lemma min_labellings_remove_minimal:
  assumes S: "S \<subseteq> I" "v \<in> S" and minimal: "\<forall>s\<in>S. R s v \<longrightarrow> s = v"
  shows "min_labellings (S - {v}) = (\<Union>w\<in>subtree v. (\<lambda>lab. lab \<circ> transpose v w) ` min_labellings S)"
proof (intro equalityI subsetI)
  fix lab' assume lab': "lab' \<in> min_labellings (S - {v})"
  have v: "v \<in> I" using S by blast
  have "Min (lab' ` subtree v) \<in> lab' ` subtree v"
    using finite_subtree self_in_subtree[OF v] by (intro Min_in) auto
  then obtain w where w: "w \<in> subtree v" and "lab' w = Min (lab' ` subtree v)" by auto
  then have w_min: "\<forall>u \<in> subtree v. lab' w \<le> lab' u" using finite_subtree by simp
  define lab where "lab = lab' \<circ> transpose v w"
  have "lab \<in> labellings I"
    using lab' w v
    by (auto simp: lab_def min_labellings_def subtree_def intro: labellings_comp_transpose)
  moreover have "min_in_subtree lab v"
    using min_in_subtree_comp_transpose_self[OF v w] w_min by (simp add: lab_def)
  moreover have "min_in_subtree lab s" if "s \<in> S - {v}" for s
    using that S minimal v w lab' unfolding lab_def
    by (intro min_in_subtree_comp_transpose_other) (auto simp: min_labellings_def)
  ultimately have "lab \<in> min_labellings S" by (auto simp: min_labellings_def)
  moreover have "lab' = lab \<circ> transpose v w" by (simp add: lab_def comp_assoc)
  ultimately show "lab' \<in> (\<Union>w\<in>subtree v. (\<lambda>lab. lab \<circ> transpose v w) ` min_labellings S)"
    using w by blast
next
  fix lab' assume "lab' \<in> (\<Union>w\<in>subtree v. (\<lambda>lab. lab \<circ> transpose v w) ` min_labellings S)"
  then obtain w lab where w: "w \<in> subtree v" and lab: "lab \<in> min_labellings S"
    and lab': "lab' = lab \<circ> transpose v w" by blast
  have v: "v \<in> I" using S by blast
  have "lab' \<in> labellings I"
    using lab w v
    by (auto simp: lab' min_labellings_def subtree_def intro: labellings_comp_transpose)
  moreover have "min_in_subtree lab' s" if "s \<in> S - {v}" for s
    using that S minimal v w lab unfolding lab'
    by (intro min_in_subtree_comp_transpose_other) (auto simp: min_labellings_def)
  ultimately show "lab' \<in> min_labellings (S - {v})" by (simp add: min_labellings_def)
qed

* * *

- **Exercise instructions**
All entries above are to be copied exactly, with none left out.

- **Task result**
lemma min_labellings_remove_minimal:
  assumes S: "S \<subseteq> I" "v \<in> S" and minimal: "\<forall>s\<in>S. R s v \<longrightarrow> s = v"
  shows "min_labellings (S - {v}) = (\<Union>w\<in>subtree v. (\<lambda>lab. lab \<circ> transpose v w) ` min_labellings S)"
proof (intro equalityI subsetI)
  fix lab' assume lab': "lab' \<in> min_labellings (S - {v})"
  have v: "v \<in> I" using S by blast
  have "Min (lab' ` subtree v) \<in> lab' ` subtree v"
    using finite_subtree self_in_subtree[OF v] by (intro Min_in) auto
  then obtain w where w: "w \<in> subtree v" and "lab' w = Min (lab' ` subtree v)" by auto
  then have w_min: "\<forall>u \<in> subtree v. lab' w \<le> lab' u" using finite_subtree by simp
  define lab where "lab = lab' \<circ> transpose v w"
  have "lab \<in> labellings I"
    using lab' w v
    by (auto simp: lab_def min_labellings_def subtree_def intro: labellings_comp_transpose)
  moreover have "min_in_subtree lab v"
    using min_in_subtree_comp_transpose_self[OF v w] w_min by (simp add: lab_def)
  moreover have "min_in_subtree lab s" if "s \<in> S - {v}" for s
    using that S minimal v w lab' unfolding lab_def
    by (intro min_in_subtree_comp_transpose_other) (auto simp: min_labellings_def)
  ultimately have "lab \<in> min_labellings S" by (auto simp: min_labellings_def)
  moreover have "lab' = lab \<circ> transpose v w" by (simp add: lab_def comp_assoc)
  ultimately show "lab' \<in> (\<Union>w\<in>subtree v. (\<lambda>lab. lab \<circ> transpose v w) ` min_labellings S)"
    using w by blast
next
  fix lab' assume "lab' \<in> (\<Union>w\<in>subtree v. (\<lambda>lab. lab \<circ> transpose v w) ` min_labellings S)"
  then obtain w lab where w: "w \<in> subtree v" and lab: "lab \<in> min_labellings S"
    and lab': "lab' = lab \<circ> transpose v w" by blast
  have v: "v \<in> I" using S by blast
  have "lab' \<in> labellings I"
    using lab w v
    by (auto simp: lab' min_labellings_def subtree_def intro: labellings_comp_transpose)
  moreover have "min_in_subtree lab' s" if "s \<in> S - {v}" for s
    using that S minimal v w lab unfolding lab'
    by (intro min_in_subtree_comp_transpose_other) (auto simp: min_labellings_def)
  ultimately show "lab' \<in> min_labellings (S - {v})" by (simp add: min_labellings_def)
qed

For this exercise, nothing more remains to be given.